Figure 5: Insect attacks on the utility poles.
[figure omitted; refer to PDF]
(2) Burning. Interestingly, a few fire-damaged poles were also observed in the study areas. In particular, poles located out of city centers suffered from this damage. It was thought that shepherds and/or some people made fire at the bottom of the utility poles in order to warm up or for barbeque purposes. Because of the fire at the bottom of the utility poles, outer zones of utility poles near groundline which were more sensitive for fungi and insects attack were damaged and this leaded to shorter service life of utility poles than expected.
Fire damage can make poles useless. Extreme care should be taken in burning rubbish or brush along rights-of-way where treated poles are spotted. After poles are set in the ground, the immediate area should be cleared of weeds and grasses. Fire-retardant coatings may also be used to protect poles from fire. When a chemical weed killer is to be used, a soil-sterilant, water-soluble type that will keep weeds down for a 3-year period is recommended [21].

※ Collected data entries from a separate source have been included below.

text \<open>A linear form vanishing on the codewords \<open>c k\<close> that reduce to the unit vectors
  vanishes on the whole code: subtracting multiples of \<open>c k\<close> clears the first \<open>m\<close>
  coordinates one at a time, and a codeword with \<open>m\<close> leading zeros is zero.\<close>

lemma lin_form_vanishes_on_linear_code:
  assumes lin: "linear_code n C" and inj: "inj_on (take m) C" and "m \<le> n"
    and basis: "\<And>k. k < m \<Longrightarrow> c k \<in> C \<and> take m (c k) = (replicate m 0)[k := 1]"
    and w: "\<And>k. k < m \<Longrightarrow> lin_form n w (c k) = 0"
    and "x \<in> C"
  shows "lin_form n w x = 0"
proof -
  have len: "length y = n" if "y \<in> C" for y
    using lin that by (auto simp: linear_code_def words_def)
  have basis_nth: "c k ! i = (if i = k then 1 else 0)" if "k < m" "i < m" for k i
    using basis[OF that(1)] that by (metis length_replicate nth_list_update nth_replicate nth_take)
  have "\<forall>x\<in>C. (\<forall>i. k \<le> i \<and> i < m \<longrightarrow> x ! i = 0) \<longrightarrow> lin_form n w x = 0" for k
  proof (induction k)
    case 0
    have "x = replicate n 0" if "x \<in> C" "\<forall>i<m. x ! i = 0" for x
    proof (rule inj_onD[OF inj])
      show "take m x = take m (replicate n 0)"
        using that len[OF that(1)] by (intro nth_equalityI) auto
    qed (use lin that in \<open>auto simp: linear_code_def\<close>)
    then show ?case by (metis le0 lin_form_zero)
  next
    case (Suc k)
    show ?case
    proof (intro ballI impI)
      fix x assume x: "x \<in> C" "\<forall>i. Suc k \<le> i \<and> i < m \<longrightarrow> x ! i = 0"
      show "lin_form n w x = 0"
      proof (cases "k < m")
        case False
        then show ?thesis using Suc.IH x by auto
      next
        case True
        define x' where "x' = map2 (+) x (map ((*) (- x ! k)) (c k))"
        have lens: "length x = n" "length (c k) = n" using len x(1) basis True by auto
        have "x' \<in> C"
          using lin x(1) basis[OF True] unfolding x'_def linear_code_def by blast
        moreover have "\<forall>i. k \<le> i \<and> i < m \<longrightarrow> x' ! i = 0"
        proof (intro allI impI)
          fix i assume i: "k \<le> i \<and> i < m"
          then have "x' ! i = x ! i - x ! k * c k ! i" using lens \<open>m \<le> n\<close> by (simp add: x'_def)
          then show "x' ! i = 0" using basis_nth[OF True, of i] x(2) i by (cases "i = k") auto
        qed
        ultimately have "lin_form n w x' = 0" using Suc.IH by blast
        moreover have "lin_form n w x' = lin_form n w x - x ! k * lin_form n w (c k)"
          using lens by (simp add: x'_def lin_form_add lin_form_scale)
        ultimately show ?thesis using w[OF True] by simp
      qed
    qed
  qed
  from this[of m] show ?thesis using \<open>x \<in> C\<close> by auto
qed

text \<open>A linear code of length \<open>m + 2\<close> in which the first \<open>m\<close> coordinates are information
  symbols is the kernel of the systematic parity-check matrix \<open>[A | -I]\<close>, where row \<open>k\<close> of
  the \<open>m \<times> 2\<close> matrix \<open>A\<close> holds the check symbols of the codeword \<open>c k\<close> starting with the \<open>k\<close>-th
  unit vector.\<close>

lemma linear_code_eq_parity_kernel:
  fixes C :: "'a::field list set"
  assumes lin: "linear_code n C" and "n = m + 2"
    and inj: "inj_on (take m) C" and surj: "take m ` C = words m"
  shows "\<exists>h1 h2. C = parity_kernel n h1 h2"
proof -
  have "\<exists>x. x \<in> C \<and> take m x = (replicate m 0)[k := 1]" for k
  proof -
    have "(replicate m 0)[k := 1] \<in> take m ` C" using surj by (simp add: words_def)
    then show ?thesis by (rule imageE) auto
  qed
  then obtain c where basis: "\<And>k. c k \<in> C \<and> take m (c k) = (replicate m 0)[k := 1]"
    by metis
  have basis_nth: "c k ! i = (if i = k then 1 else 0)" if "k < m" "i < m" for k i
    using basis[of k] that by (metis length_replicate nth_list_update nth_replicate nth_take)
  define h1 where "h1 j = (if j < m then c j ! m else if j = m then -1 else 0)" for j
  define h2 where "h2 j = (if j < m then c j ! Suc m else if j = m then 0 else -1)" for j
  have split: "lin_form n w x = (\<Sum>j<m. x ! j * w j) + x ! m * w m + x ! Suc m * w (Suc m)"
    for w and x :: "'a list"
    using \<open>n = m + 2\<close> by (simp add: lin_form_def numeral_2_eq_2)
  have h1_eq: "lin_form n h1 x = (\<Sum>j<m. x ! j * c j ! m) - x ! m" for x
    unfolding split by (simp add: h1_def)
  have h2_eq: "lin_form n h2 x = (\<Sum>j<m. x ! j * c j ! Suc m) - x ! Suc m" for x
    unfolding split by (simp add: h2_def)
  have basis_sum: "(\<Sum>j<m. c k ! j * f j) = f k" if "k < m" for k f
  proof -
    have "(\<Sum>j<m. c k ! j * f j) = (\<Sum>j<m. if j = k then f j else 0)"
      using that by (intro sum.cong) (auto simp: basis_nth)
    then show ?thesis using that by simp
  qed
  have vanish: "lin_form n w x = 0"
    if "x \<in> C" "\<And>k. k < m \<Longrightarrow> lin_form n w (c k) = 0" for w x
    using lin_form_vanishes_on_linear_code[OF lin inj _ basis] that \<open>n = m + 2\<close> by simp
  have "lin_form n h1 x = 0 \<and> lin_form n h2 x = 0" if "x \<in> C" for x
    by (intro conjI vanish[OF that]) (simp_all add: h1_eq h2_eq basis_sum)
  then have sub: "C \<subseteq> parity_kernel n h1 h2"
    using lin by (auto simp: parity_kernel_def linear_code_def)
  have "inj_on (take m) (parity_kernel n h1 h2)"
  proof (rule inj_onI)
    fix x y assume "x \<in> parity_kernel n h1 h2" "y \<in> parity_kernel n h1 h2"
      and take_eq: "take m x = take m y"
    then have "length x = n" "length y = n"
      and "x ! m = (\<Sum>j<m. x ! j * c j ! m)" "x ! Suc m = (\<Sum>j<m. x ! j * c j ! Suc m)"
      and "y ! m = (\<Sum>j<m. y ! j * c j ! m)" "y ! Suc m = (\<Sum>j<m. y ! j * c j ! Suc m)"
      by (auto simp: parity_kernel_def words_def h1_eq h2_eq)
    moreover have "x ! j = y ! j" if "j < m" for j
      using take_eq that by (metis nth_take)
    ultimately show "x = y"
      using \<open>n = m + 2\<close> by (intro nth_equalityI) (auto simp: less_Suc_eq)
  qed
  moreover have "take m ` parity_kernel n h1 h2 \<subseteq> take m ` C"
    using surj \<open>n = m + 2\<close> by (auto simp: parity_kernel_def words_def)
  ultimately have "C = parity_kernel n h1 h2"
    using sub inj_on_image_eq_iff[of "take m" "parity_kernel n h1 h2" C] by blast
  then show ?thesis by blast
qed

(3) Deep Cracks and Checks. One of the defects observed on utility poles in the study areas was the deep cracks and checks (Figure 6). In this study, it was found that around 85% of the inspected utility poles had deep cracks and checks in all 4 study areas (Table 1). It was reported that checks may extend into the pole beyond the shell of treated wood. Fungi, termites, and carpenter ants enter the poles through the exposed untreated wood and may cause extensive internal deterioration within 10 years after installation [22].
Figure 6: Deep cracks and checks on the utility poles.
[figure omitted; refer to PDF]
The deep cracks, splits, and checks thereafter cause the internal deterioration of treated poles because the untreated center portion of the pole is exposed to fungi and insects. Although internal decay may occur above ground as a result of checks or holes drilled after treatment, the critical groundline zone of poles is most subject to such deterioration because moisture conditions near and below groundline are most favorable to growth of wood-destroying organisms [21].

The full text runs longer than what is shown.